Closed ZeroneBo closed 1 year ago
Hi, thank you for your interest in the paper!
There are a few points that might assist you:
Have you installed the environments using install_alma.sh? Please check the versions of your transformers, deepspeed, accelerate, and peft packages.
If all packages were installed using install_alma.sh, consider attempting to reproduce the results using our released model to verify if you can achieve the same outcomes.
Ensure that you are evaluating your best model, which should have the lowest valid loss. If you have set --save_total_limit 1
, the best saved model will be named your_out_dir/checkpoint-{some_step}
in your directory. Confirm that you are evaluating this checkpoint.

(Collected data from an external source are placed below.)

(* Let $E\subset\mathbb R^n$ be compact with nonempty interior (closure of a bounded Lipschitz domain), and $\{\mathcal T^{(r)}\}_r$, $\mathcal T^{(r)}=\{T_1,\dots,T_{M(r)}\}$, a $\{\mathscr P_r\Lambda^k(E)\}$-admissible integral $k$-mesh with constant $C$. Let $w^{(r)}_i>0$ for $i=1,\dots,M(r)$ and let $P^{(r)}$ be the weighted discrete least squares projector onto $\mathscr P_r\Lambda^k(E)$ associated with $\mathcal T^{(r)}$ and $w^{(r)}$. Then $$\|P^{(r)}\|_{\rm op}\le C\sqrt{\sum_{i=1}^{M(r)}\frac{w_i^{(r)}}{\min_jw_j^{(r)}}}\ \dim\mathscr P_r\Lambda^k,$$ and for every $\omega\in\mathscr D_0^k(E)$ $$\|\omega-P^{(r)}\omega\|_0\le\Big(1+C\sqrt{\sum_{i=1}^{M(r)}\frac{w_i^{(r)}}{\min_jw_j^{(r)}}}\ \dim\mathscr P_r\Lambda^k\Big)d_r(\omega,E),$$ where $d_r(\omega,E)=\inf\{\|\omega-\theta\|_0:\theta\in\mathscr P_r\Lambda^k(E)\}$.
   Context: $\mathscr D_0^k(E)$: continuous maps $E\to\Lambda^k$ with norm $\|\omega\|_0=\sup_S\mathcal H^k(S)^{-1}|\int_S\omega|$ over oriented $\mathcal H^k$-measurable $k$-rectifiable $S\subset E$, $0<\mathcal H^k(S)<\infty$; $T_S(\omega)=\mathcal H^k(S)^{-1}\int_S\omega$. $\mathscr P_r\Lambda^k(E)$: $k$-forms with polynomial coefficients of degree $\le r$, $\dim=\binom nk\binom{n+r}r$. An integral $k$-mesh: finite sets $\mathcal T^{(r)}$ of averaging currents over sets $\{x+Ay:y\in\Omega\}\subset E$ ($A$ of rank $k$, $\Omega\subset\mathbb R^k$ of positive finite measure), oriented by normalized wedge of columns of $A$; admissible with constant $C$: $\limsup_r(\operatorname{Card}\mathcal T^{(r)})^{1/r}\le1$ and $\|\omega\|_0\le C\max_{T\in\mathcal T^{(r)}}|T(\omega)|$ for all $\omega\in\mathscr P_r\Lambda^k(E)$. $P^{(r)}\omega=\arg\min_{\theta\in\mathscr P_r\Lambda^k(E)}\sum_iw_i^{(r)}(T_i(\omega-\theta))^2$. $\|P\|_{\rm op}=\sup_{\|\omega\|_0=1}\|P\omega\|_0$. *)

theory Defs
  imports "HOL-Analysis.Analysis"
begin

definition hcontent :: "nat \<Rightarrow> (real^'n) set \<Rightarrow> ennreal" where
  "hcontent k A = (if A = {} then 0 else ennreal (unit_ball_vol (real k) * (diameter A / 2) ^ k))"

definition hausdorff_outer :: "nat \<Rightarrow> (real^'n) set \<Rightarrow> ennreal" where
  "hausdorff_outer k S =
     (SUP \<delta>\<in>{0<..}. INF C\<in>{C :: nat \<Rightarrow> (real^'n) set.
          S \<subseteq> (\<Union>i. C i) \<and> (\<forall>i. bounded (C i) \<and> diameter (C i) \<le> \<delta>)}.
        (\<Sum>i. hcontent k (C i)))"

definition hk_measurable :: "nat \<Rightarrow> (real^'n) set \<Rightarrow> bool" where
  "hk_measurable k S \<longleftrightarrow>
     (\<forall>A. hausdorff_outer k A = hausdorff_outer k (A \<inter> S) + hausdorff_outer k (A - S))"

definition hausdorff_measure :: "nat \<Rightarrow> (real^'n) measure" where
  "hausdorff_measure k = measure_of UNIV {S. hk_measurable k S} (hausdorff_outer k)"

text \<open>Countable union of Lipschitz images of subsets of R^k (realised as a k-dimensional
  linear subspace V of R^n), up to an H^k-null set.\<close>
definition k_rectifiable :: "nat \<Rightarrow> (real^'n) set \<Rightarrow> bool" where
  "k_rectifiable k S \<longleftrightarrow>
     (\<exists>(f :: nat \<Rightarrow> real^'n \<Rightarrow> real^'n) (A :: nat \<Rightarrow> (real^'n) set) V.
        subspace V \<and> dim V = k \<and>
        (\<forall>i. A i \<subseteq> V \<and> (\<exists>L. L-lipschitz_on (A i) (f i))) \<and>
        hausdorff_outer k (S - (\<Union>i. f i ` A i)) = 0)"

definition approx_tangent :: "nat \<Rightarrow> (real^'n) set \<Rightarrow> real^'n \<Rightarrow> (real^'n) set \<Rightarrow> bool" where
  "approx_tangent k S x V \<longleftrightarrow> subspace V \<and> dim V = k \<and>
     (\<forall>\<phi> :: real^'n \<Rightarrow> real. continuous_on UNIV \<phi> \<and> (\<exists>R. \<forall>y. R < norm y \<longrightarrow> \<phi> y = 0) \<longrightarrow>
        ((\<lambda>t. (1 / t ^ k) * (LINT y:S|hausdorff_measure k. \<phi> ((1 / t) *\<^sub>R (y - x))))
           \<longlongrightarrow> (LINT y:V|hausdorff_measure k. \<phi> y)) (at_right 0))"

text \<open>An orientation of S: an H^k-measurable field u of orthonormal k-frames
  (u x 0, ..., u x (k-1)) spanning the approximate tangent space at H^k-a.e. x in S;
  it represents the unit simple k-vector field u x 0 wedge ... wedge u x (k-1).\<close>
definition orientation :: "nat \<Rightarrow> (real^'n) set \<Rightarrow> (real^'n \<Rightarrow> nat \<Rightarrow> real^'n) \<Rightarrow> bool" where
  "orientation k S u \<longleftrightarrow>
     (\<forall>i<k. (\<lambda>x. u x i) \<in> borel_measurable (hausdorff_measure k)) \<and>
     (AE x in hausdorff_measure k. x \<in> S \<longrightarrow>
        (\<forall>i<k. \<forall>j<k. u x i \<bullet> u x j = (if i = j then 1 else 0)) \<and>
        approx_tangent k S x (span (u x ` {..<k})))"

definition oriented_rect :: "nat \<Rightarrow> (real^'n) set \<Rightarrow> (real^'n) set \<Rightarrow> (real^'n \<Rightarrow> nat \<Rightarrow> real^'n) \<Rightarrow> bool" where
  "oriented_rect k E S u \<longleftrightarrow> S \<subseteq> E \<and> hk_measurable k S \<and> k_rectifiable k S \<and>
     0 < hausdorff_outer k S \<and> hausdorff_outer k S < \<infinity> \<and> orientation k S u"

Let me know if you have further questions!
Thank you!
My environment was setted up using install_alma.sh
, my version is as following:
transformers 4.34.1
deepspeed 0.10.0
accelerate 0.21.0
peft 0.4.0
Reproduce Using Our Released Model
I am running this model.
Get the Best Checkpoint
I think this is the problem, I trained the LoRA model and generate the translation using runs/parallel_ft_lora.sh
, which scripts may do predict directly loading the last model. I am trying to specify the output_dir/checkpoint-{step}
to regenerate translation.
I see there are 3 adapter_model.bin
, one is in output_dir/
, one is in output_dir/checkpoint-{step}/
, and the last is in output_dir/checkpoint-{step}/adapter_model/
, are they the same?
I will report my results when I finish my experiment. And thanks for answering my question.
You may want to use output_dir/checkpoint-{step}/adapter_model/
or output_dir/checkpoint-{step}
transformer version could be a minor issue since LLaMA implementation was changed a lot. You may want to roll back to 4.30.0.dev0
by pip install git+https://github.com/fe1ixxu/ALMA.git@hf-install
. This version can reproduce the exact the same results as we reported in the paper.

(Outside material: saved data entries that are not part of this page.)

(* With the setting in the context, the ground state subspace $\mathcal H_0$ is spanned by vectors of the form $|f_G\rangle:=\mathcal A_0|f\rangle$ with $f\in\mathrm{hom}(C,G)^0$; moreover, for $f\in\mathrm{hom}(C,G)^0$, one has $\mathcal A_0|f\rangle\in\mathcal H_0$ if and only if $f\in\ker(\delta^0)$.
   Context: $(C_\bullet,\partial^C_\bullet)$ is a chain complex with each $C_n$ free abelian on a finite set $K_n$, $K_n\ne\emptyset$ for finitely many $n$; $(G_\bullet,\partial^G_\bullet)$ is a chain complex of finite abelian groups. $\mathrm{hom}(C,G)^p=\prod_n\mathrm{Hom}(C_n,G_{n-p})$ with $(\delta^pf)_n=f_{n-1}\partial^C_n-(-1)^p\partial^G_{n-p}f_n$. $\mathrm{hom}(C,G)_p=\mathrm{Hom}(\mathrm{hom}(C,G)^p,U(1))$ (written additively), $\chi_m(f)=m(f)$, $\delta_{p+1}m=m\circ\delta^p$. $\mathcal H=\bigotimes_n\bigotimes_{x\in K_n}\mathbb C[G_n]$ with orthonormal basis $|f\rangle$, $f\in\mathrm{hom}(C,G)^0$. $P_t|f\rangle=|f+t\rangle$, $Q_m|f\rangle=\chi_m(f)|f\rangle$; $A_t=P_{\delta^{-1}t}$ ($t\in\mathrm{hom}(C,G)^{-1}$), $B_m=Q_{\delta_1m}$ ($m\in\mathrm{hom}(C,G)_1$). $\mathcal A_0=\frac1{|\mathrm{hom}(C,G)^{-1}|}\sum_{t}A_t$. Local elements: for $x\in K_n$, $g\in G_{n-p}$, $gx^*\in\mathrm{hom}(C,G)^p$ has $n$-th component sending $x\mapsto g$ and other basis elements to $0$, other components $0$; for $r\in\mathrm{Hom}(G_{n-p},U(1))$, $rx_*(f)=r(f_n(x))$. $A_x^0=\frac1{|G_{n+1}|}\sum_{h\in G_{n+1}}A_{hx^*}$, $B_x^0=\frac1{|G_{n-1}|}\sum_{r\in\mathrm{Hom}(G_{n-1},U(1))}B_{rx_*}$ for $x\in K_n$; the ground state subspace is $\mathcal H_0=\{\Psi: A_x^0\Psi=B_x^0\Psi=\Psi\ \forall n,\forall x\in K_n\}$. *)

theory Defs
  imports Complex_Main
begin

text \<open>The chain complex C is given by finite bases K n (C_n is free
  abelian on K n) and its boundary by integer matrix coefficients dC n x y = coefficient
  of y (in K (n-1)) in the boundary of x (in K n).  A homomorphism C_n -> G_m is given by
  its values on the basis K n.  The finite abelian groups G_n are subgroups G n of one
  ambient abelian group type 'g, with boundary maps dG n : G n -> G (n-1).
  A cochain f in hom(C,G)^p is a function f n x (n degree, x basis element) with
  f n x in G (n-p) for x in K n and f n x = 0 otherwise.\<close>

definition zsmul :: "int \<Rightarrow> 'a::ab_group_add \<Rightarrow> 'a" where
  "zsmul k a = (if 0 \<le> k then ((+) a ^^ nat k) 0 else - (((+) a ^^ nat (- k)) 0))"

I have changed transformers
version to 4.30.0.dev0
, the same hyperparameters didn't produce a better score. Using the released LoRA model can exactly reproduce the same score with paper.

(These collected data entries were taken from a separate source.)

(* Let $m\in\mathbb{N}$ be odd and write $m=2k+1$. Let $\varepsilon=1$ if $k$ is even and $3\nmid k$, and $\varepsilon=0$ otherwise. Then the friendship graph $F_j$ is $\mathbb{Z}_m$-cordial for every integer $j$ with $\lfloor m/2\rfloor\le j\le\lfloor 2m/3\rfloor-\varepsilon$.
   Context: Graphs are finite, simple and undirected. For $n\in\mathbb{N}$, the friendship graph $F_n$ is the union of $n$ copies of the triangle $C_3$ joined at a single common (central) vertex. For an abelian group $A$ and a graph $G=(V,E)$, a vertex labeling $\ell:V\to A$ induces an edge labeling $\ell(\{v_1,v_2\})=\ell(v_1)+\ell(v_2)$. Let $f_V(a)=|\{v\in V:\ell(v)=a\}|$ and $f_E(a)=|\{e\in E:\ell(e)=a\}|$. The labeling is $A$-cordial if $|f_V(a_1)-f_V(a_2)|\le 1$ and $|f_E(a_1)-f_E(a_2)|\le 1$ for all $a_1,a_2\in A$; $G$ is $A$-cordial if it admits an $A$-cordial labeling. *)

theory Defs
  imports Main
begin

text \<open>A finite simple graph is given by a vertex set V and a set E of 2-element
  subsets of V. The cyclic group Z_m is represented by the residues {0..<m}
  with addition modulo m.\<close>

definition friendship_verts :: "nat \<Rightarrow> nat set" where
  "friendship_verts n = {0..2*n}"

definition friendship_edges :: "nat \<Rightarrow> nat set set" where
  "friendship_edges n =
     {{0, i} | i. i \<in> {1..2*n}} \<union> {{2*i - 1, 2*i} | i. i \<in> {1..n}}"

definition edge_label :: "nat \<Rightarrow> ('a \<Rightarrow> nat) \<Rightarrow> 'a set \<Rightarrow> nat" where
  "edge_label m l e = (\<Sum>v\<in>e. l v) mod m"

definition vcount :: "'a set \<Rightarrow> ('a \<Rightarrow> nat) \<Rightarrow> nat \<Rightarrow> nat" where
  "vcount V l a = card {v\<in>V. l v = a}"

definition ecount :: "nat \<Rightarrow> 'a set set \<Rightarrow> ('a \<Rightarrow> nat) \<Rightarrow> nat \<Rightarrow> nat" where
  "ecount m E l a = card {e\<in>E. edge_label m l e = a}"

definition Zm_cordial_labeling :: "nat \<Rightarrow> 'a set \<Rightarrow> 'a set set \<Rightarrow> ('a \<Rightarrow> nat) \<Rightarrow> bool" where
  "Zm_cordial_labeling m V E l \<longleftrightarrow>
     (\<forall>v\<in>V. l v < m) \<and>
     (\<forall>a1<m. \<forall>a2<m.
        \<bar>int (vcount V l a1) - int (vcount V l a2)\<bar> \<le> 1 \<and>
        \<bar>int (ecount m E l a1) - int (ecount m E l a2)\<bar> \<le> 1)"

definition Zm_cordial :: "nat \<Rightarrow> 'a set \<Rightarrow> 'a set set \<Rightarrow> bool" where
  "Zm_cordial m V E \<longleftrightarrow> (\<exists>l. Zm_cordial_labeling m V E l)"

end

theory Submission
  imports Defs "HOL-Library.Multiset"
begin

text \<open>Label the centre by 0 and the two outer vertices of every triangle by integers a, b
  from the balanced residue system [-k, k] of Z_m; the spokes then repeat the outer vertex
  labels and the rim edge of the triangle carries a + b mod m. As 2j + 1 and 3j both lie
  between m and 2m, it suffices that the vertex labels split into a complete residue system
  plus distinct residues, and likewise the edge labels. For j = k + r with 3r \<le> k + 1, put
  n = k - r and p = \<lceil>n/2\<rceil>; the triangles (p - i, -(p + i)), (p + i, i - p) for 0 < i < p,
  (p, -p), (x, -x) for 2p \<le> x \<le> n, and the doubled triangles (b, b), (-b, -b) for
  n < b \<le> k do this. The only other case allowed by the bound on j is k = 6s + 1, j = 8s + 2,
  where every residue must occur on exactly two edges; there the triangles (3i + 1, 3i + 2),
  their negatives, two triangles (k, -k) and triangles pairing 3i + 1 with multiples of 3
  give both systems.\<close>

definition residue :: "nat \<Rightarrow> int \<Rightarrow> nat" where
  "residue m x = nat (x mod int m)"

I tried a set of hyperparamters, finally got a best Avg score:
xx-en 33.97 BLEU , 84.11 COMET
en-xx 29.59 BLEU , 86.41 COMET.
Thanks for answering my question. And great work!
Hi, thanks for this great project. When I reproduced the results of the paper ALMA-7B-LoRA, some problems arose: I use human_written_data to finetune the pretrained ALMA-7B-pretrain model with LoRA following the paper's setting, which epoch is 2, my en-xx Avg COMET is 81.38, the paper is 86.37, and en-zh COMET is 62.58, the paper is 84.87.
When I follow this repo's setting, which epoch is 1, the result become normal, but has about 1 point lower than the paper’s BLEU and COMET. The paper's Avg result, xx-en 34.31BLEU and 84.12COMET, en-xx 29.78 BLEU and 86.37COMET. My result is, xx-en 33.14BLEU and 83.88COMET, en-xx 28.46 BLEU and 85.96COMET.
In my experiment, I changed the following setting to fit my device (only one 40G A100) and batch_size 256 (per_device_batch_size is 4 as default):
--gradient_accumulation_steps 64
inparallel_ft_lora.sh
,gradient_accumulation_steps: 64, num_processes: 1
indeepspeed_train_config.yaml
.Are there some problem with my setting?